### Assignment
Print, exactly as written, every line from the first line of the records below through the line containing "0\<close>, and then", and nothing further.

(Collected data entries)
(* Let $0<\omega_-<\omega_+$ and set $\boldsymbol\omega=(\omega_-,\omega_+)$. (i) If $\omega_+\neq 3\omega_-$, then for every $(\boldsymbol\alpha,\boldsymbol\beta)\in\mathbb N^2\times\mathbb N^2$ with $|\boldsymbol\alpha+\boldsymbol\beta|=4$ and $\boldsymbol\alpha\neq\boldsymbol\beta$, $$|\boldsymbol\omega\cdot(\boldsymbol\alpha-\boldsymbol\beta)|\geq \gamma:=\min\{\omega_-,\ \omega_+-\omega_-,\ |3\omega_--\omega_+|\}>0.$$ (ii) If $\omega_+=3\omega_-$, then for every $(\boldsymbol\alpha,\boldsymbol\beta)\in\mathbb N^2\times\mathbb N^2$ with $|\boldsymbol\alpha+\boldsymbol\beta|=4$, $\boldsymbol\alpha\neq\boldsymbol\beta$ and $(\boldsymbol\alpha,\boldsymbol\beta)\notin\{((3,0),(0,1)),\ ((0,1),(3,0))\}$, $$|\boldsymbol\omega\cdot(\boldsymbol\alpha-\boldsymbol\beta)|\geq \gamma_{\rm res}:=\min\{\omega_-,\ \omega_+-\omega_-\}>0.$$
   Context: For $\boldsymbol\alpha=(\alpha_1,\alpha_2),\boldsymbol\beta=(\beta_1,\beta_2)\in\mathbb N^2$ (with $\mathbb N$ including $0$), $|\boldsymbol\alpha+\boldsymbol\beta|:=\alpha_1+\alpha_2+\beta_1+\beta_2$, and $\boldsymbol\omega\cdot(\boldsymbol\alpha-\boldsymbol\beta)=\omega_-(\alpha_1-\beta_1)+\omega_+(\alpha_2-\beta_2)$. *)

theory Defs
  imports Main Complex_Main
begin

definition len2 :: "nat \<times> nat \<Rightarrow> nat \<times> nat \<Rightarrow> nat" where
  "len2 a b = fst a + snd a + fst b + snd b"

definition omega_dot :: "real \<Rightarrow> real \<Rightarrow> nat \<times> nat \<Rightarrow> nat \<times> nat \<Rightarrow> real" where
  "omega_dot wm wp a b =
     wm * (real (fst a) - real (fst b)) + wp * (real (snd a) - real (snd b))"

end

theory Submission
  imports Defs
begin

text \<open>Put \<open>d = \<alpha> - \<beta>\<close>. From \<open>|\<alpha> + \<beta>| = 4\<close> we get \<open>|d\<^sub>1| + |d\<^sub>2| \<le> 4\<close> with \<open>d\<^sub>1 + d\<^sub>2\<close> even.
  If \<open>d\<^sub>2 = 0\<close> then \<open>\<omega> \<cdot> d = d\<^sub>1 \<omega>\<^sub>-\<close> with \<open>d\<^sub>1 \<noteq> 0\<close>. Otherwise, up to the sign of \<open>d\<close>,
  \<open>d\<^sub>2 > 0\<close>, and then \<open>d\<^sub>1 + d\<^sub>2 \<ge> 0\<close> except for the resonant difference \<open>d = (-3, 1)\<close>,
  so that \<open>\<omega> \<cdot> d = \<omega>\<^sub>- (d\<^sub>1 + d\<^sub>2) + (\<omega>\<^sub>+ - \<omega>\<^sub>-) d\<^sub>2 \<ge> \<omega>\<^sub>+ - \<omega>\<^sub>-\<close>.
  The resonant differences \<open>\<plusminus>(3, -1)\<close> contribute exactly \<open>|3 \<omega>\<^sub>- - \<omega>\<^sub>+|\<close>.\<close>

lemma sum_nonneg_if_nonresonant:
  fixes d1 d2 :: int
  assumes "0 < d2" "\<bar>d1\<bar> + \<bar>d2\<bar> \<le> 4" "even (d1 + d2)" "(d1, d2) \<noteq> (-3, 1)"
  shows "0 \<le> d1 + d2"
proof (rule ccontr)
  assume "\<not> 0 \<le> d1 + d2"
  then have "d2 = 1" "d1 = -2 \<or> d1 = -3" using assms(1,2) by linarith+
  then show False using assms(3,4) by auto
qed

lemma abs_small_combination_ge:
  fixes d1 d2 :: int and wm wp :: real
  assumes "0 < wm" "wm < wp"
    and "\<bar>d1\<bar> + \<bar>d2\<bar> \<le> 4" "even (d1 + d2)" "(d1, d2) \<noteq> (0, 0)"
    and "(d1, d2) \<notin> {(3, -1), (-3, 1)}"
  shows "min wm (wp - wm) \<le> \<bar>wm * d1 + wp * d2\<bar>"
proof -
  have second_coord_pos: "min wm (wp - wm) \<le> wm * e1 + wp * e2"
    if "0 < e2" "\<bar>e1\<bar> + \<bar>e2\<bar> \<le> 4" "even (e1 + e2)" "(e1, e2) \<noteq> (-3, 1)" for e1 e2 :: int
  proof -
    have "0 \<le> e1 + e2" using sum_nonneg_if_nonresonant[OF that] .
    then have "0 \<le> wm * (e1 + e2)" using assms(1) by simp
    moreover have "wp - wm \<le> (wp - wm) * e2" using \<open>0 < e2\<close> assms(2) by simp
    ultimately have "wp - wm \<le> wm * (e1 + e2) + (wp - wm) * e2" by linarith
    also have "\<dots> = wm * e1 + wp * e2" by (simp add: algebra_simps)
    finally show ?thesis by linarith
  qed
  consider "d2 = 0" | "0 < d2" | "d2 < 0" by linarith
  then show ?thesis
  proof cases
    case 1
    then have "1 \<le> \<bar>d1\<bar>" using assms(5) by simp
    then have "wm \<le> \<bar>wm * d1\<bar>" using assms(1) by (simp add: abs_mult)
    then show ?thesis using 1 by simp
  next
    case 2
    then show ?thesis using second_coord_pos[of d2 d1] assms by auto
  next
    case 3
    then have "min wm (wp - wm) \<le> wm * (- d1) + wp * (- d2)"
      using second_coord_pos[of "- d2" "- d1"] assms by auto
    then show ?thesis by linarith
  qed
qed

lemma abs_omega_dot_ge_min:
  assumes "0 < wm" "wm < wp" "len2 a b = 4" "a \<noteq> b"
    and "(a, b) \<notin> {((3, 0), (0, 1)), ((0, 1), (3, 0))}"
  shows "min wm (wp - wm) \<le> \<bar>omega_dot wm wp a b\<bar>"
proof -
  obtain a1 a2 b1 b2 where ab: "a = (a1, a2)" "b = (b1, b2)" by fastforce
  define d1 where "d1 = int a1 - int b1"
  define d2 where "d2 = int a2 - int b2"
  have sum: "a1 + a2 + b1 + b2 = 4" using assms(3) ab by (simp add: len2_def)
  have "omega_dot wm wp a b = wm * d1 + wp * d2"
    by (simp add: omega_dot_def ab d1_def d2_def)
  moreover have "\<bar>d1\<bar> + \<bar>d2\<bar> \<le> 4" using sum unfolding d1_def d2_def by linarith
  moreover have "int a1 + int a2 + int b1 + int b2 = 4" using sum by linarith
  then have "d1 + d2 = 4 - 2 * (int b1 + int b2)" unfolding d1_def d2_def by (simp add: algebra_simps)
  then have "even (d1 + d2)" by simp
  moreover have "(d1, d2) \<noteq> (0, 0)" using assms(4) ab unfolding d1_def d2_def by auto
  moreover have "(d1, d2) \<notin> {(3, -1), (-3, 1)}"
    using sum assms(5) ab unfolding d1_def d2_def by auto
  ultimately show ?thesis using abs_small_combination_ge assms(1,2) by metis
qed

lemma abs_omega_dot_resonant:
  "\<bar>omega_dot wm wp (3, 0) (0, 1)\<bar> = \<bar>3 * wm - wp\<bar>"
  "\<bar>omega_dot wm wp (0, 1) (3, 0)\<bar> = \<bar>3 * wm - wp\<bar>"
  by (simp_all add: omega_dot_def)

theorem proposition4p1:
  fixes wm wp :: real
  assumes "0 < wm" and "wm < wp"
  shows "(wp \<noteq> 3 * wm \<longrightarrow>
            (Min {wm, wp - wm, \<bar>3 * wm - wp\<bar>} > 0 \<and>
             (\<forall>a b :: nat \<times> nat. len2 a b = 4 \<and> a \<noteq> b \<longrightarrow>
                \<bar>omega_dot wm wp a b\<bar> \<ge> Min {wm, wp - wm, \<bar>3 * wm - wp\<bar>})))
       \<and> (wp = 3 * wm \<longrightarrow>
            (min wm (wp - wm) > 0 \<and>
             (\<forall>a b :: nat \<times> nat. len2 a b = 4 \<and> a \<noteq> b \<and>
                (a, b) \<notin> {((3,0),(0,1)), ((0,1),(3,0))} \<longrightarrow>
                \<bar>omega_dot wm wp a b\<bar> \<ge> min wm (wp - wm))))"
proof -
  have Min_eq: "Min {wm, wp - wm, \<bar>3 * wm - wp\<bar>} = min (min wm (wp - wm)) \<bar>3 * wm - wp\<bar>"
    by (simp add: min.assoc)
  have "Min {wm, wp - wm, \<bar>3 * wm - wp\<bar>} \<le> \<bar>omega_dot wm wp a b\<bar>"
    if "len2 a b = 4" "a \<noteq> b" for a b
  proof (cases "(a, b) \<in> {((3, 0), (0, 1)), ((0, 1), (3, 0))}")
    case True
    then show ?thesis unfolding Min_eq using abs_omega_dot_resonant by auto
  next
    case False
    then show ?thesis unfolding Min_eq using abs_omega_dot_ge_min[OF assms that] by linarith
  qed
  moreover have "wp \<noteq> 3 * wm \<Longrightarrow> 0 < Min {wm, wp - wm, \<bar>3 * wm - wp\<bar>}"
    unfolding Min_eq using assms by simp
  moreover have "0 < min wm (wp - wm)" using assms by simp
  ultimately show ?thesis using abs_omega_dot_ge_min[OF assms] by blast
qed

end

### Exercise output
(* Let $0<\omega_-<\omega_+$ and set $\boldsymbol\omega=(\omega_-,\omega_+)$. (i) If $\omega_+\neq 3\omega_-$, then for every $(\boldsymbol\alpha,\boldsymbol\beta)\in\mathbb N^2\times\mathbb N^2$ with $|\boldsymbol\alpha+\boldsymbol\beta|=4$ and $\boldsymbol\alpha\neq\boldsymbol\beta$, $$|\boldsymbol\omega\cdot(\boldsymbol\alpha-\boldsymbol\beta)|\geq \gamma:=\min\{\omega_-,\ \omega_+-\omega_-,\ |3\omega_--\omega_+|\}>0.$$ (ii) If $\omega_+=3\omega_-$, then for every $(\boldsymbol\alpha,\boldsymbol\beta)\in\mathbb N^2\times\mathbb N^2$ with $|\boldsymbol\alpha+\boldsymbol\beta|=4$, $\boldsymbol\alpha\neq\boldsymbol\beta$ and $(\boldsymbol\alpha,\boldsymbol\beta)\notin\{((3,0),(0,1)),\ ((0,1),(3,0))\}$, $$|\boldsymbol\omega\cdot(\boldsymbol\alpha-\boldsymbol\beta)|\geq \gamma_{\rm res}:=\min\{\omega_-,\ \omega_+-\omega_-\}>0.$$
   Context: For $\boldsymbol\alpha=(\alpha_1,\alpha_2),\boldsymbol\beta=(\beta_1,\beta_2)\in\mathbb N^2$ (with $\mathbb N$ including $0$), $|\boldsymbol\alpha+\boldsymbol\beta|:=\alpha_1+\alpha_2+\beta_1+\beta_2$, and $\boldsymbol\omega\cdot(\boldsymbol\alpha-\boldsymbol\beta)=\omega_-(\alpha_1-\beta_1)+\omega_+(\alpha_2-\beta_2)$. *)

theory Defs
  imports Main Complex_Main
begin

definition len2 :: "nat \<times> nat \<Rightarrow> nat \<times> nat \<Rightarrow> nat" where
  "len2 a b = fst a + snd a + fst b + snd b"

definition omega_dot :: "real \<Rightarrow> real \<Rightarrow> nat \<times> nat \<Rightarrow> nat \<times> nat \<Rightarrow> real" where
  "omega_dot wm wp a b =
     wm * (real (fst a) - real (fst b)) + wp * (real (snd a) - real (snd b))"

end

theory Submission
  imports Defs
begin

text \<open>Put \<open>d = \<alpha> - \<beta>\<close>. From \<open>|\<alpha> + \<beta>| = 4\<close> we get \<open>|d\<^sub>1| + |d\<^sub>2| \<le> 4\<close> with \<open>d\<^sub>1 + d\<^sub>2\<close> even.
  If \<open>d\<^sub>2 = 0\<close> then \<open>\<omega> \<cdot> d = d\<^sub>1 \<omega>\<^sub>-\<close> with \<open>d\<^sub>1 \<noteq> 0\<close>. Otherwise, up to the sign of \<open>d\<close>,
  \<open>d\<^sub>2 > 0\<close>, and then \<open>d\<^sub>1 + d\<^sub>2 \<ge> 0\<close> except for the resonant difference \<open>d = (-3, 1)\<close>,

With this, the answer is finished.